Путешествие парижанина вокруг света
Шрифт:
— Так, значит, и вы там воевали?
— И там, и в другом месте, как вы сейчас увидите. Так вот, однажды в половине десятого вы были в траншее и мы рядом так же. Было, пожалуй, не меньше, как на фут снега. Мы стучали ботинками, скакали на месте и дули в кулаки, чтобы согреться. Вы приблизились, согнувшись, укутанный в свой большой белый балахон, который я как сейчас вижу. Вы поздоровались со всеми, и все были вам рады.
— Слушай, — говорил вам мичман де Эссар, — а ведь пруссак-часовой все еще стоит там, под большим тополем!
— А что, — сказали вы, — если бы
Лейтенант, которому этого давно хотелось, ответил: «Идет!»
Четырехугольные башни были всего в каких-нибудь шестистах метрах от нас, это не шутка. Но этот часовой торчал у вас, как бельмо в глазу, особенно у лейтенанта, которому хотелось вам подарить на праздник ружье Дрейса!
Господин де Эссар вызвал двадцать охотников, из них наугад выбрал двоих: одного матроса-эльзасца по имени Бик, славного малого, и своего денщика, юркого пустобрюхого парижанина.
— Что? Пустобрюхого?! — воскликнул негодующим тоном Фрике.
— Вы не сердитесь, земляк! Парижанин часто забывает набить свое брюхо, а тогда все мы забывали это делать, а потому «пустобрюхий» — не обидное слово, доказательством чему является то, что и я, природный парижанин, не ахти как толст!
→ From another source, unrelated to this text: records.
lemma Gamma_of_eq_0:
  assumes "odd r" "int r dvd s" "h \<in> kernel_224"
  shows "Gamma_of r s h = (0, 0, 0)"
proof -
  have "even (int r + 1)"
    using assms(1) by simp
  then obtain v where "int r + 1 = 2 * v" ..
  moreover obtain t where "s = int r * t"
    using assms(2) by blast
  moreover obtain u where "fst h = 2 * u"
    using assms(3) unfolding kernel_224_def by blast
  ultimately have "2 * int r dvd s * (int r + 1) + fst h * int r"
    by (simp add: algebra_simps)
  then show ?thesis
    using assms(3) by (simp add: Gamma_of_def kernel_224_def)
qed

lemma Gamma_of_inj:
  assumes "odd r" "h \<in> Z224" "h' \<in> Z224" "Gamma_of r s h = Gamma_of r s' h'"
  shows "s mod int r = s' mod int r \<and> h = h'"
proof -
  obtain e y z e' y' z' where h: "h = (e, y, z)" "h' = (e', y', z')"
    by (cases h, cases h')
  define D where "D = (s - s') * (int r + 1) + (e - e') * int r"
  have "2 * int r dvd D"
    using assms(4) unfolding D_def h Gamma_of_def by (simp add: mod_eq_dvd_iff algebra_simps)
  then have "int r dvd D" "even D"
    using dvd_mult_left dvd_mult_right by blast+
  have "D = int r * (s - s' + e - e') + (s - s')"
    unfolding D_def by (simp add: algebra_simps)
  with \<open>int r dvd D\<close> have "int r dvd s - s'"
    by (simp add: dvd_add_right_iff)
  have "even ((e - e') * int r)"
    using \<open>even D\<close> assms(1) unfolding D_def by simp
  then have "even (e - e')"
    using assms(1) by simp
  then have "e = e'"
    using assms(2,3) unfolding h Z224_def by simp presburger
  with \<open>int r dvd s - s'\<close> show ?thesis
    using assms(2-4) unfolding h Gamma_of_def Z224_def by (auto simp: mod_eq_dvd_iff)
qed

definition seqZ :: "(int \<times> int \<times> int) list" where
  "seqZ = [(0,0,0), (0,0,2), (0,1,0), (0,1,2), (1,0,0), (1,0,2), (1,1,0), (1,1,2),
           (0,0,1), (0,0,3), (0,1,1), (0,1,3), (1,0,1), (1,0,3), (1,1,1), (1,1,3)]"

definition seqP :: "(int \<times> int \<times> int) list" where
  "seqP = [(1,0,1), (1,1,0), (0,1,3), (1,1,1), (0,1,0), (0,0,2), (1,0,0), (0,0,3),
           (0,0,0), (1,0,3), (0,0,1), (0,1,1), (0,1,2), (1,1,2), (1,0,2), (1,1,3)]"

definition seqQ :: "(int \<times> int \<times> int) list" where
  "seqQ = [(1,0,3), (1,1,2), (0,0,1), (1,0,1), (1,1,0), (1,0,0), (0,1,0), (1,1,3),
           (0,0,3), (1,0,2), (0,1,2), (0,0,0), (1,1,1), (0,1,3), (0,1,1), (0,0,2)]"

definition seqL :: "(int \<times> int \<times> int) list" where
  "seqL = [(1,1,0), (0,1,1), (1,0,0), (0,1,2), (1,1,2), (0,1,0), (1,1,1), (0,0,0),
           (1,1,3), (0,1,3), (0,0,2), (1,0,3), (0,0,1), (0,0,3), (1,0,2), (1,0,1)]"

definition seqN :: "(int \<times> int \<times> int) list" where
  "seqN = [(1,1,0), (0,1,3), (1,0,0), (0,1,2), (1,1,2), (0,1,0), (1,1,3), (0,0,0),
           (1,1,1), (0,1,1), (0,0,2), (1,0,1), (0,0,3), (0,0,1), (1,0,2), (1,0,3)]"

lemmas seq_defs = seqZ_def seqP_def seqQ_def seqL_def seqN_def

definition seq :: "nat \<Rightarrow> nat \<Rightarrow> (int \<times> int \<times> int) list" where
  "seq r c = (if c = 0 then seqZ else if c = 1 then seqP else if c = r - 1 then seqQ
              else if even c then seqL else seqN)"

lemma seq_enumerates_Z224: "distinct (seq r c) \<and> length (seq r c) = 16 \<and> set (seq r c) \<subseteq> Z224"
  by (simp add: seq_def seq_defs Z224_def)

definition row_partners :: "((int \<times> int \<times> int) list \<times> (int \<times> int \<times> int) list) set" where
  "row_partners = {(seqZ, seqZ), (seqP, seqQ), (seqQ, seqP), (seqL, seqN), (seqN, seqL)}"

lemma seq_neg_in_row_partners:
  assumes "odd r" "r \<ge> 3" "c < r"
  shows "(seq r c, seq r ((r - c) mod r)) \<in> row_partners"
proof -
  consider "c = 0" | "c = 1" | "c = r - 1" | "2 \<le> c \<and> c < r - 1"
    using assms by linarith
  then show ?thesis
  proof cases
    case 4
    then have "(r - c) mod r = r - c" "even (r - c) \<longleftrightarrow> odd c"
      using assms by auto
    with 4 show ?thesis
      by (auto simp: seq_def row_partners_def)
  qed (use assms in \<open>auto simp: seq_def row_partners_def\<close>)
qed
— Петард!.. Он — парижанин! Значит, земляк!.. Ну, надо нам с тобой облобызаться! — воскликнул Фрике.
— Так это надо было сразу сказать, мальчуган! — радостно отозвался матрос, широко раскрыв ему свои объятия.
— Ну, продолжайте, друг мой! — ласково сказал Андре, растроганный воспоминаниями о столь дорогих и близких ему лицах.
— Так вот, — продолжал матрос, — капитан Люкас, хитрый господин, так только, для вида, стал было возражать, но мы четверо уже взобрались на насыпь и гуськом потянулись с ружьями с взведенными курками и примкнутыми штыками. Стрелять было строжайше запрещено. Впереди всех шел лейтенант, за ним — Бик-эльзасец, за ним вы, месье Андре, а позади всех я.
Ночь была темная. Мы продвигались медленно и осторожно по снегу, который скрипел у нас под ногами. А эта скотина-эльзасец был еще к тому же в каких-то чоботах, и его слоновьи пятки с каждым шагом щелкали, как зубы у лошади, когда она жует овес.
«Скотина, — сказал ему лейтенант, — из-за тебя нас скоро обнаружат и всем расквасят физиономии!»
«Не беспокойтесь, лейтенант, я сейчас посмотрю, такой ли у них твердый живот, как их каски».
«Шшш!..»
Мы были уже близко. Нам было уже слышно, как пруссак топтался, кашлял, сопел. Он был не более как в двадцати пяти шагах от нас.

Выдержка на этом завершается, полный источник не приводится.